Baldassari dates our painting to Lupicini’s brief Florentine period, between 1625 and 1635, prior to his departure for Spain, where he was to remain for the rest of his life, principally in Zaragoza. That the present work, still in in its original Florentine frame, comes from a Spanish collection suggests that it may have accompanied the artist on his departure from Italy.[4]

A young man half naked holds a sword in his right hand and a head of a bearded man in his left hand in front of a landscape.

Fig. 6. Francesco Lupicini, David and Goliath, Private Collection.

 

[1] Galleria Palatina no. 13, oil on canvas, 203 x 201 cm.

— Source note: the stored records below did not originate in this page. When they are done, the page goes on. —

text \<open>
  \<open>X\<^sub>\<lambda>\<close> is the union of the cells of the grid \<open>\<lambda>\<int>\<^sup>n\<close> that meet \<open>X\<close>.
  Let \<open>z, z'\<close> lie in cells \<open>C, C'\<close> of \<open>X\<^sub>\<lambda>\<close> that meet \<open>X\<close> in points \<open>x, x'\<close>, and let
  \<open>\<gamma>\<close> be an \<open>\<ell>\<^sub>1\<close>-geodesic from \<open>x\<close> to \<open>x'\<close> in \<open>X\<close>. Push \<open>\<gamma>\<close> through a coordinatewise
  monotone, 1-Lipschitz map \<open>F\<close> which sends every point of the box spanned by \<open>x, x'\<close> into a
  grid cell containing that point, sends \<open>x\<close> into \<open>C\<close> and \<open>x'\<close> into \<open>C'\<close>, and orders
  \<open>z, F x, F x', z'\<close> monotonically in every coordinate. Then \<open>F \<circ> \<gamma>\<close> stays in \<open>X\<^sub>\<lambda>\<close> and is
  coordinatewise monotone, so reparametrised by arc length it is a geodesic from \<open>F x\<close> to
  \<open>F x'\<close>. Prefixing the segment from \<open>z\<close> to \<open>F x\<close> (inside the convex cell \<open>C\<close>) and appending
  the segment from \<open>F x'\<close> to \<open>z'\<close> (inside \<open>C'\<close>) gives a geodesic, because the four points
  are in order.
\<close>

lemma l1dist_nonneg: "0 \<le> l1dist x y"
  unfolding l1dist_def by (simp add: sum_nonneg)

lemma l1dist_commute: "l1dist x y = l1dist y x"
  unfolding l1dist_def by (simp add: abs_minus_commute)

lemma l1dist_self [simp]: "l1dist x x = 0"
  unfolding l1dist_def by simp

lemma l1dist_eq_0_iff: "l1dist x y = 0 \<longleftrightarrow> x = y"
  unfolding l1dist_def by (subst sum_nonneg_eq_0_iff) (auto simp: vec_eq_iff)

definition l1_between :: "real^'n \<Rightarrow> real^'n \<Rightarrow> real^'n \<Rightarrow> bool" where
  "l1_between a b c \<longleftrightarrow> (\<forall>i. a$i \<le> b$i \<and> b$i \<le> c$i \<or> c$i \<le> b$i \<and> b$i \<le> a$i)"

lemma l1dist_add_eq_iff_between:
  "l1dist a b + l1dist b c = l1dist a c \<longleftrightarrow> l1_between a b c"
proof
  assume "l1dist a b + l1dist b c = l1dist a c"
  hence "(\<Sum>i\<in>UNIV. \<bar>a$i - b$i\<bar> + \<bar>b$i - c$i\<bar> - \<bar>a$i - c$i\<bar>) = 0"
    unfolding l1dist_def by (simp add: sum.distrib sum_subtractf)
  hence *: "\<bar>a$i - b$i\<bar> + \<bar>b$i - c$i\<bar> - \<bar>a$i - c$i\<bar> = 0" for i
    by (subst (asm) sum_nonneg_eq_0_iff) auto
  show "l1_between a b c"
    unfolding l1_between_def
  proof
    fix i show "a$i \<le> b$i \<and> b$i \<le> c$i \<or> c$i \<le> b$i \<and> b$i \<le> a$i"
      using *[of i] by arith
  qed
next
  assume "l1_between a b c"
  hence "\<bar>a$i - b$i\<bar> + \<bar>b$i - c$i\<bar> = \<bar>a$i - c$i\<bar>" for i
    unfolding l1_between_def by (cases "a$i \<le> c$i"; auto dest!: spec[of _ i])
  thus "l1dist a b + l1dist b c = l1dist a c"
    unfolding l1dist_def by (simp add: sum.distrib[symmetric])
qed

lemma l1_between_middle:
  assumes "l1_between a p b" "l1_between b q c" "l1_between a b c"
  shows "l1_between p b q"
  unfolding l1_between_def
proof
  fix i
  have "a$i \<le> p$i \<and> p$i \<le> b$i \<or> b$i \<le> p$i \<and> p$i \<le> a$i"
    "b$i \<le> q$i \<and> q$i \<le> c$i \<or> c$i \<le> q$i \<and> q$i \<le> b$i"
    "a$i \<le> b$i \<and> b$i \<le> c$i \<or> c$i \<le> b$i \<and> b$i \<le> a$i"
    using assms unfolding l1_between_def by blast+
  thus "p$i \<le> b$i \<and> b$i \<le> q$i \<or> q$i \<le> b$i \<and> b$i \<le> p$i" by linarith
qed

definition l1_geodesic :: "(real^'n) set \<Rightarrow> (real \<Rightarrow> real^'n) \<Rightarrow> real^'n \<Rightarrow> real^'n \<Rightarrow> bool" where
  "l1_geodesic Z g a b \<longleftrightarrow> g 0 = a \<and> g (l1dist a b) = b \<and> (\<forall>t\<in>{0..l1dist a b}. g t \<in> Z) \<and>
     (\<forall>t\<in>{0..l1dist a b}. \<forall>t'\<in>{0..l1dist a b}. l1dist (g t) (g t') = \<bar>t - t'\<bar>)"

lemma l1_convex_iff_geodesic: "l1_convex Z \<longleftrightarrow> (\<forall>z\<in>Z. \<forall>z'\<in>Z. \<exists>g. l1_geodesic Z g z z')"
  unfolding l1_convex_def l1_geodesic_def by blast

lemma l1_geodesic_subset: "l1_geodesic S g a b \<Longrightarrow> S \<subseteq> Z \<Longrightarrow> l1_geodesic Z g a b"
  unfolding l1_geodesic_def by blast

lemma l1_geodesic_between:
  assumes "l1_geodesic Z g a b" "0 \<le> s" "s \<le> t" "t \<le> u" "u \<le> l1dist a b"
  shows "l1_between (g s) (g t) (g u)"
proof -
  have "l1dist (g t) (g t') = \<bar>t - t'\<bar>" if "t \<in> {0..l1dist a b}" "t' \<in> {0..l1dist a b}" for t t'
    using assms(1) that unfolding l1_geodesic_def by blast
  with assms(2-) show ?thesis
    by (simp flip: l1dist_add_eq_iff_between)
qed

lemma l1_geodesic_join:
  assumes g1: "l1_geodesic Z g1 a b" and g2: "l1_geodesic Z g2 b c" and abc: "l1_between a b c"
  shows "\<exists>g. l1_geodesic Z g a c"
proof -
  define d1 where "d1 = l1dist a b"
  define d2 where "d2 = l1dist b c"
  have d: "l1dist a c = d1 + d2" "0 \<le> d1" "0 \<le> d2"
    using abc by (simp_all add: d1_def d2_def l1dist_nonneg flip: l1dist_add_eq_iff_between)
  have G1: "g1 0 = a" "g1 d1 = b" "\<And>t. t\<in>{0..d1} \<Longrightarrow> g1 t \<in> Z"
    "\<And>t t'. t\<in>{0..d1} \<Longrightarrow> t'\<in>{0..d1} \<Longrightarrow> l1dist (g1 t) (g1 t') = \<bar>t - t'\<bar>"
    using g1 unfolding l1_geodesic_def d1_def by auto
  have G2: "g2 0 = b" "g2 d2 = c" "\<And>t. t\<in>{0..d2} \<Longrightarrow> g2 t \<in> Z"
    "\<And>t t'. t\<in>{0..d2} \<Longrightarrow> t'\<in>{0..d2} \<Longrightarrow> l1dist (g2 t) (g2 t') = \<bar>t - t'\<bar>"
    using g2 unfolding l1_geodesic_def d2_def by auto
  have across: "l1dist (g1 t) (g2 s) = (d1 - t) + s"
    if "0 \<le> t" "t \<le> d1" "0 \<le> s" "s \<le> d2" for t s
  proof -
    have "l1_between a (g1 t) b" using l1_geodesic_between[OF g1, of 0 t d1] that G1 d1_def by simp
    moreover have "l1_between b (g2 s) c" using l1_geodesic_between[OF g2, of 0 s d2] that G2 d2_def by simp
    ultimately have "l1_between (g1 t) b (g2 s)" using l1_between_middle abc by blast
    hence "l1dist (g1 t) (g2 s) = l1dist (g1 t) (g1 d1) + l1dist (g2 0) (g2 s)"
      by (simp add: G1(2) G2(1) flip: l1dist_add_eq_iff_between)
    also have "\<dots> = (d1 - t) + s" using G1(4)[of t d1] G2(4)[of 0 s] that by simp
    finally show ?thesis .
  qed
  define g where "g t = (if t \<le> d1 then g1 t else g2 (t - d1))" for t
  have "l1_geodesic Z g a c"
    unfolding l1_geodesic_def d(1)
  proof (intro conjI ballI)
    show "g 0 = a" using d G1 by (simp add: g_def)
    show "g (d1 + d2) = c"
      using d G1(2) G2 by (cases "d2 = 0") (auto simp: g_def d2_def l1dist_eq_0_iff)
    fix t t' assume t: "t \<in> {0..d1 + d2}" and t': "t' \<in> {0..d1 + d2}"
    show "g t \<in> Z" using t G1(3) G2(3) by (auto simp: g_def)
    show "l1dist (g t) (g t') = \<bar>t - t'\<bar>"
    proof (cases "t \<le> d1"; cases "t' \<le> d1")
      assume "t \<le> d1" "t' \<le> d1"
      thus ?thesis using t t' G1(4) by (simp add: g_def)
    next
      assume "\<not> t \<le> d1" "\<not> t' \<le> d1"
      thus ?thesis using t t' G2(4)[of "t - d1" "t' - d1"] by (simp add: g_def)
    next
      assume "t \<le> d1" "\<not> t' \<le> d1"
      thus ?thesis using t t' across[of t "t' - d1"] by (simp add: g_def)
    next
      assume "\<not> t \<le> d1" "t' \<le> d1"
      thus ?thesis using t t' across[of t' "t - d1"] by (simp add: g_def l1dist_commute[of "g2 _"])
    qed
  qed
  thus ?thesis by blast
qed

lemma l1_geodesic_segment:
  assumes S: "convex S" and a: "a \<in> S" and b: "b \<in> S"
  shows "\<exists>g. l1_geodesic S g a b"
proof -
  define d where "d = l1dist a b"
  define g where "g t = (1 - t/d) *\<^sub>R a + (t/d) *\<^sub>R b" for t
  have d0: "0 \<le> d" using l1dist_nonneg d_def by simp
  have "l1dist (g t) (g t') = \<bar>t - t'\<bar>" if "d \<noteq> 0" for t t'
  proof -
    have "\<bar>g t $ i - g t' $ i\<bar> = (\<bar>t - t'\<bar> / d) * \<bar>a$i - b$i\<bar>" for i
    proof -
      have "g t $ i - g t' $ i = ((t - t')/d) * (b$i - a$i)"
        by (simp add: g_def algebra_simps diff_divide_distrib)
      thus ?thesis using d0 by (simp add: abs_mult abs_minus_commute)
    qed
    hence "l1dist (g t) (g t') = (\<bar>t - t'\<bar> / d) * d"
      unfolding l1dist_def d_def by (simp add: sum_distrib_left)
    thus ?thesis using that by simp
  qed
  moreover have "a = b" if "d = 0" using that by (simp add: d_def l1dist_eq_0_iff)
  ultimately have "l1_geodesic S g a b"
    using d0 b unfolding l1_geodesic_def d_def[symmetric]
    by (auto simp: g_def divide_le_eq_1 intro!: convexD[OF S a b])
  thus ?thesis by blast
qed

[2] See Francesca Baldassari’s entry on the present painting, dated 13 November 2025, which is available upon request.

[3] Copper, 30.5 x 24.5 cm. Formerly with Rob Smeets, Geneva. See: Francesca Baldassari, A Masterpiece of the Florentine Seventeenth Century: Francesco Lupicini’s David and Goliath, Perugia, 2016.

[4] A recent monograph on the artist provides much information on the artist’s career in Spain. See: Álvaro Vicente Romeo, Francesco Lupicini, Caballero Noble Florentín: Un Pintor Entre La Toscana y Aragón (1591 – h. 1656), Tarazona, 2024.